- Cover art
- Developer(s): Mark Lucas
- Publisher(s): Firebird
- Platform(s): ZX Spectrum
- Release: EU: 1984;
- Genre(s): Turn-based strategy
- Mode(s): Single-player, multiplayer

= Viking Raiders =

1984 video game

Viking Raiders is a computer game developed by Mark Lucas for the ZX Spectrum and released by Firebird in 1984. It can be played by two to four players, both human and computer.

== Gameplay ==
A turn-based strategy, which involves moving boats, men, and catapults to capture the castle of each opponent. Playing pieces can move in any direction up to a distance of nine grid squares in a straight line, obstacles permitting. Collecting extra gold in the game allows players to buy further units.

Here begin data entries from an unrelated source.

(* Let $d,n$ be integers with $1\le d<n$, $p=d/n$, $q=1-p$, and let $\mathbf{A}$ be a random $n\times n$ matrix whose entries are independently nonzero with probability $p$ and zero with probability $q$. Then the expected number of vertices of the sparse trellis $\mathcal{T}^{\mathrm s}_n(\mathbf{A})$ is at most $$U(n)=\sum_{j=0}^n\sum_{k=0}^j(-1)^k\binom{n}{j}\binom{j}{k}\big(q^k-q^j\big)^j,$$ and $U(n)\le\big(2-e^{-d}\big)^n$.
   Context: Convention $0^0=1$. The sparse trellis $\mathcal{T}^{\mathrm s}_n(\mathbf{A})=(V,E,L)$ is built as follows: $V_0=\{\varnothing\}$; for $j=1,\dots,n$, for every $u\in V_{j-1}$ and every $i\in[n]\setminus u$ with $a_{ij}\ne0$, add $v=u\cup\{i\}$ to $V_j$ and add the edge $(u,v)$ with label $a_{ij}$. Its vertex set is $V=V_0\cup\dots\cup V_n$. *)

theory Defs
  imports Main "HOL-Analysis.Analysis"
begin

text \<open>Sparse trellis of an n x n matrix A (0-based indices: rows and columns in {0..<n}).
  Level j (1-based, as in the paper) uses column j, here column j-1.\<close>

fun trellis_level :: "nat \<Rightarrow> (nat \<Rightarrow> nat \<Rightarrow> 'a::zero) \<Rightarrow> nat \<Rightarrow> nat set set" where
  "trellis_level n A 0 = {{}}"
| "trellis_level n A (Suc j) =
     {insert i u | u i. u \<in> trellis_level n A j \<and> i \<in> {0..<n} - u \<and> A i j \<noteq> 0}"

definition trellis_vertices :: "nat \<Rightarrow> (nat \<Rightarrow> nat \<Rightarrow> 'a::zero) \<Rightarrow> nat set set" where
  "trellis_vertices n A = (\<Union>j\<in>{0..n}. trellis_level n A j)"

definition supp_matrix :: "(nat \<times> nat) set \<Rightarrow> nat \<Rightarrow> nat \<Rightarrow> real" where
  "supp_matrix S i j = (if (i, j) \<in> S then 1 else 0)"

text \<open>Expected number of trellis vertices when every entry of an n x n matrix is independently
  nonzero with probability p: sum over all supports S of its probability times the count.\<close>
definition expected_trellis_vertices :: "nat \<Rightarrow> real \<Rightarrow> real" where
  "expected_trellis_vertices n p =
     (\<Sum>S\<in>Pow ({0..<n} \<times> {0..<n}).
        p ^ card S * (1 - p) ^ (n * n - card S) * real (card (trellis_vertices n (supp_matrix S))))"

definition U_bound :: "nat \<Rightarrow> real \<Rightarrow> real" where
  "U_bound n q = (\<Sum>j=0..n. \<Sum>k=0..j. (-1) ^ k * real (n choose j) * real (j choose k) * (q ^ k - q ^ j) ^ j)"

end

theory Submission
  imports Defs
begin

(* A level-j vertex of the sparse trellis is a j-set v of rows such that the j x j submatrix of A
   on the rows v and the first j columns has no zero row and no zero column. Inclusion-exclusion
   over the zero rows and columns gives the probability of this event, and summing over the
   binom(n,j) choices of v gives U(n).

   For the second bound drop the row condition: U(n) <= sum_j binom(n,j) (1 - q^j)^j, to be
   compared with (2 - b)^n = sum_j binom(n,j) (1 - b)^j, where b = e^-d. If n > 2d, the terms with
   j <= n - d satisfy q^j >= b, and each of the d top terms j = n + 1 - k is compensated by the
   slack in the term j = k. If n <= 2d, the estimate (1 - q^j)^j <= 1 - q^j reduces the claim to
   n 2^(n-1) b <= (1 + q)^n - 1, which holds for n >= 12 by growth and is checked numerically for
   n <= 11. *)

section \<open>Random subsets and zero lines\<close>

definition subset_prob :: "real \<Rightarrow> 'a set \<Rightarrow> 'a set \<Rightarrow> real" where
  "subset_prob p X S = (\<Prod>x\<in>X. if x \<in> S then p else 1 - p)"

lemma subset_prob_eq:
  assumes "finite X" "S \<subseteq> X"
  shows "subset_prob p X S = p ^ card S * (1 - p) ^ (card X - card S)"
proof -
  have "subset_prob p X S = (\<Prod>x\<in>S. p) * (\<Prod>x\<in>X - S. 1 - p)"
    unfolding subset_prob_def using assms
    by (subst prod.subset_diff[of S X])
       (auto simp: mult.commute intro!: arg_cong2[where f = "(*)"] prod.cong)
  then show ?thesis
    using assms by (simp add: card_Diff_subset finite_subset)
qed

lemma subset_prob_nonneg: "0 \<le> p \<Longrightarrow> p \<le> 1 \<Longrightarrow> 0 \<le> subset_prob p X S"
  unfolding subset_prob_def by (intro prod_nonneg) auto

lemma sum_subset_prob:
  assumes "finite X"
  shows "(\<Sum>S\<in>Pow X. subset_prob p X S) = 1"
proof -
  have "(\<Sum>S\<in>Pow X. subset_prob p X S) = (\<Sum>S\<in>Pow X. (\<Prod>x\<in>S. p) * (\<Prod>x\<in>X - S. 1 - p))"
    using assms by (intro sum.cong refl) (simp add: subset_prob_eq card_Diff_subset finite_subset)
  also have "\<dots> = (\<Prod>x\<in>X. p + (1 - p))"
    by (rule prod_add[OF assms, symmetric])
  finally show ?thesis by simp
qed

lemma sum_subset_prob_disjoint:
  assumes "finite X" "Z \<subseteq> X"
  shows "(\<Sum>S\<in>Pow X. subset_prob p X S * of_bool (S \<inter> Z = {})) = (1 - p) ^ card Z"
proof -
  have split: "subset_prob p X S = (1 - p) ^ card Z * subset_prob p (X - Z) S" if "S \<subseteq> X - Z" for S
  proof -
    have "subset_prob p X S
        = (\<Prod>x\<in>X - Z. if x \<in> S then p else 1 - p) * (\<Prod>x\<in>Z. if x \<in> S then p else 1 - p)"
      unfolding subset_prob_def using assms by (subst prod.subset_diff[of Z X]) auto
    also have "(\<Prod>x\<in>Z. if x \<in> S then p else 1 - p) = (\<Prod>x\<in>Z. 1 - p)"
      using that by (intro prod.cong) auto
    finally show ?thesis by (simp add: subset_prob_def mult.commute)
  qed
  have "(\<Sum>S\<in>Pow X. subset_prob p X S * of_bool (S \<inter> Z = {}))
      = (\<Sum>S\<in>{S\<in>Pow X. S \<inter> Z = {}}. subset_prob p X S)"
    using assms by (simp add: sum.inter_filter[symmetric] of_bool_def if_distrib cong: if_cong)
  also have "{S\<in>Pow X. S \<inter> Z = {}} = Pow (X - Z)" by auto
  also have "(\<Sum>S\<in>Pow (X - Z). subset_prob p X S) = (1 - p) ^ card Z"
    using assms by (simp add: split sum_distrib_left[symmetric] sum_subset_prob)
  finally show ?thesis .
qed

lemma of_bool_Ball_eq_prod:
  assumes "finite A"
  shows "of_bool (\<forall>c\<in>A. Q c) = (\<Prod>c\<in>A. of_bool (Q c) :: 'a :: comm_semiring_1)"
  using assms
proof (induction A rule: finite_induct)
  case (insert x F)
  then show ?case by (simp flip: insert.IH)
qed simp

During the game, winter sets in and freezes over ever increasing sections of water, which in turn can trap the players' boats. To win the game the player must defeat all opponents by attacking their castles, which may take several attempts. When a castle is captured, the defeated player's units are transferred to the victor. Players also have to be wary of hazards such as drinking horns; men who drink these move around the playing area erratically, fighting any units they encounter, but may be captured by an opposing army. However, the drunk Vikings also have a random 'invincibility' about them, which can occasionally lead to one of them - laden with Dutch courage - taking out most of an opposition army.